REQUIREMENT:
Where the records below reach the line containing "card (\<omega> k", start transcribing, and end with the line containing "then obtain E", exactly and with nothing else added.

SUPPLIED MATERIAL:
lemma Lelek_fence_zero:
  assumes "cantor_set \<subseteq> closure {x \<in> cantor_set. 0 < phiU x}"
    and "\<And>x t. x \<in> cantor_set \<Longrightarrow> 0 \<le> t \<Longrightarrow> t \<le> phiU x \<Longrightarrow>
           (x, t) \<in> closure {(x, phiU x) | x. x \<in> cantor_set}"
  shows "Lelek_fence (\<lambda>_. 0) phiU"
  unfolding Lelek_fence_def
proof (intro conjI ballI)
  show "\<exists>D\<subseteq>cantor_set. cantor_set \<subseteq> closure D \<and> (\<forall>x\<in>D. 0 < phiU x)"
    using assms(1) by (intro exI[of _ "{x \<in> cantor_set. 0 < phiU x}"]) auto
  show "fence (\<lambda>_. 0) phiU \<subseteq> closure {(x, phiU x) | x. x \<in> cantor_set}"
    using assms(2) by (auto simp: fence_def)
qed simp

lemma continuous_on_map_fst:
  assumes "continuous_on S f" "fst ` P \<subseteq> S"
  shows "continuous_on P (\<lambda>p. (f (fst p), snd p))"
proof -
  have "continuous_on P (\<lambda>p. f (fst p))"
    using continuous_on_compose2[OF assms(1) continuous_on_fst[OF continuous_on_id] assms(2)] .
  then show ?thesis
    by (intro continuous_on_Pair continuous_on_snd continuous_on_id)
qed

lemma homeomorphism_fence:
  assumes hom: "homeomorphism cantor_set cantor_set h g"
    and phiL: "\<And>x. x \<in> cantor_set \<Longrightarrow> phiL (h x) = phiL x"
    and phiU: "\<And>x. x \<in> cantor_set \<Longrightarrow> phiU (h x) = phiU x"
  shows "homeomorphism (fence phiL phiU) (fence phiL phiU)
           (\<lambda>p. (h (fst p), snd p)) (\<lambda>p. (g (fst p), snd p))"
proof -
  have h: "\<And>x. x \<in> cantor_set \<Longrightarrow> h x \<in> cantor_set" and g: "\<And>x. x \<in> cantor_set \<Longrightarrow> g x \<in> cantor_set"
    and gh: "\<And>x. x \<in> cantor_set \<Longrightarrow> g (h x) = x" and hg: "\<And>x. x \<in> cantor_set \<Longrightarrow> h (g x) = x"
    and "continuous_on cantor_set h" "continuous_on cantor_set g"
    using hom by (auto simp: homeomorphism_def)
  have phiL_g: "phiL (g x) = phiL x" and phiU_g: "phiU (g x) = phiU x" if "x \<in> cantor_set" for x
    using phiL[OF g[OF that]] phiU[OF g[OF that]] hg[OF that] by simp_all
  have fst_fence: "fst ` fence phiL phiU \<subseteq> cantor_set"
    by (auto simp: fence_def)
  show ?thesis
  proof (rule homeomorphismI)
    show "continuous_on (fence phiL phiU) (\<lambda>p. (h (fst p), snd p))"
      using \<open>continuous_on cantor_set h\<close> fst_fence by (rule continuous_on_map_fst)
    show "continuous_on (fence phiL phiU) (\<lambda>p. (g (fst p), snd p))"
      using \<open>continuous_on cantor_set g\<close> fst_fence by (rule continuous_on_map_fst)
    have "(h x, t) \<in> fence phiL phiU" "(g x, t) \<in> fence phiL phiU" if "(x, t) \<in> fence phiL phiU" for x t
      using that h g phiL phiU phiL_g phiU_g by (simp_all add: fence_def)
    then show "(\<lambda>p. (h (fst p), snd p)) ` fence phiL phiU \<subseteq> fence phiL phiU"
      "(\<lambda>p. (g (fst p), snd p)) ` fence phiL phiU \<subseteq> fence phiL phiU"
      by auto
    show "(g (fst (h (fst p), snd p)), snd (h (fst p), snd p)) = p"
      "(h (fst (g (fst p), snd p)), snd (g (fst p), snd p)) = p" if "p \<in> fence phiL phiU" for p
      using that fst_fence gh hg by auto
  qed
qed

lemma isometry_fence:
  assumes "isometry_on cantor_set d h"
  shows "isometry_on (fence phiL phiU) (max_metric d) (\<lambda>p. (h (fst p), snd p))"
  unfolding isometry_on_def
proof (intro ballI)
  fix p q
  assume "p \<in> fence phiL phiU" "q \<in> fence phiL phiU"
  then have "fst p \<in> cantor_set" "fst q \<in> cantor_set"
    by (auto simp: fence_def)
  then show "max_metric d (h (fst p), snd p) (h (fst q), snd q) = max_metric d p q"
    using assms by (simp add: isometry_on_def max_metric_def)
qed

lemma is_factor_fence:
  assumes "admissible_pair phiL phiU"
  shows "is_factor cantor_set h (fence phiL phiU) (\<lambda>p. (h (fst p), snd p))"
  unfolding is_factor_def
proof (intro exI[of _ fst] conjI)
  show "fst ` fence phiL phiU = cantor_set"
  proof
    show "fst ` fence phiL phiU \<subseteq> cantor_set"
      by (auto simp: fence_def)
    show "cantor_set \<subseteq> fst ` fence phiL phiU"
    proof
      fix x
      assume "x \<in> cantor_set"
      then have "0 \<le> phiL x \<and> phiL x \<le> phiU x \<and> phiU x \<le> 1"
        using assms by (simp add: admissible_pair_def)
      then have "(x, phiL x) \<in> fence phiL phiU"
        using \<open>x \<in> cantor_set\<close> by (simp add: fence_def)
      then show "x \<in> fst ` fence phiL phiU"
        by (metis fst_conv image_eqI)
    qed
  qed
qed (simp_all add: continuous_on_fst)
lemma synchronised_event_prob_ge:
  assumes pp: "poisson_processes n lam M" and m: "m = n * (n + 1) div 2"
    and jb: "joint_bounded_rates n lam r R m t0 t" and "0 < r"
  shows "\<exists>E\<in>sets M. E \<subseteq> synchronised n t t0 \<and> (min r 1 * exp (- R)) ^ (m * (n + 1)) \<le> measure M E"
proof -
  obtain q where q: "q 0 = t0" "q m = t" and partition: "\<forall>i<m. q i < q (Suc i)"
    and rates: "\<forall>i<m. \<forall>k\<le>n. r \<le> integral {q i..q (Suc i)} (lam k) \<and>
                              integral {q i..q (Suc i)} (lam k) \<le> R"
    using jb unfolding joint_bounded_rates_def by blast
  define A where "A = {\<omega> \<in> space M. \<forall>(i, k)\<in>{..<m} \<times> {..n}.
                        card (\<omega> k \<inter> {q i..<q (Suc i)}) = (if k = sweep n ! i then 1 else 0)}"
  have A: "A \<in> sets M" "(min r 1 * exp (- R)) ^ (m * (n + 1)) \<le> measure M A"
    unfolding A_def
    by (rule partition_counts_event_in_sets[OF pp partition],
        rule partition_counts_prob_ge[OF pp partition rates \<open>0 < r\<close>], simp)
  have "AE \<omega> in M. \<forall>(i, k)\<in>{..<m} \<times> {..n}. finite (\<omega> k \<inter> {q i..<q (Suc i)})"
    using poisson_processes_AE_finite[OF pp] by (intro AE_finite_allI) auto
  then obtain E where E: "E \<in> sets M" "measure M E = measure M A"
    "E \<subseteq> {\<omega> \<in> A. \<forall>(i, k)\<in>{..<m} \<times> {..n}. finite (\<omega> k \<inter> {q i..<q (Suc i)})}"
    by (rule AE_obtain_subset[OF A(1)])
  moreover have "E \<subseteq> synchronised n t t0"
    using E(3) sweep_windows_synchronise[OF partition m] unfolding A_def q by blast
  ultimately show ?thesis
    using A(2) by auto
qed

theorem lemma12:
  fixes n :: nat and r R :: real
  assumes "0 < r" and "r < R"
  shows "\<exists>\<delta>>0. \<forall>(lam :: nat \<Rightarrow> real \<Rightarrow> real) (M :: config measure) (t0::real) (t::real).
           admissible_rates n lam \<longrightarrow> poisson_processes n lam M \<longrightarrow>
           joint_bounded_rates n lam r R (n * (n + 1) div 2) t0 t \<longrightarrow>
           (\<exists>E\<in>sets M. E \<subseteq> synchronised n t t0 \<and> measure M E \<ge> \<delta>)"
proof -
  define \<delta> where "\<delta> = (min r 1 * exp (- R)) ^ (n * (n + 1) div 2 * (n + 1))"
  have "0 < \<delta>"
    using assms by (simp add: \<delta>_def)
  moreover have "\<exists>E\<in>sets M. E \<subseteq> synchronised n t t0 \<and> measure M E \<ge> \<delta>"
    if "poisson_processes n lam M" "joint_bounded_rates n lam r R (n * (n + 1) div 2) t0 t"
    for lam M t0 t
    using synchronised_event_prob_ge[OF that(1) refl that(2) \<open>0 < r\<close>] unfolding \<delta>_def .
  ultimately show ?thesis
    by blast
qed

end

RESPONSE TO THE EXERCISE:
                        card (\<omega> k \<inter> {q i..<q (Suc i)}) = (if k = sweep n ! i then 1 else 0)}"
  have A: "A \<in> sets M" "(min r 1 * exp (- R)) ^ (m * (n + 1)) \<le> measure M A"
    unfolding A_def
    by (rule partition_counts_event_in_sets[OF pp partition],
        rule partition_counts_prob_ge[OF pp partition rates \<open>0 < r\<close>], simp)
  have "AE \<omega> in M. \<forall>(i, k)\<in>{..<m} \<times> {..n}. finite (\<omega> k \<inter> {q i..<q (Suc i)})"
    using poisson_processes_AE_finite[OF pp] by (intro AE_finite_allI) auto
  then obtain E where E: "E \<in> sets M" "measure M E = measure M A"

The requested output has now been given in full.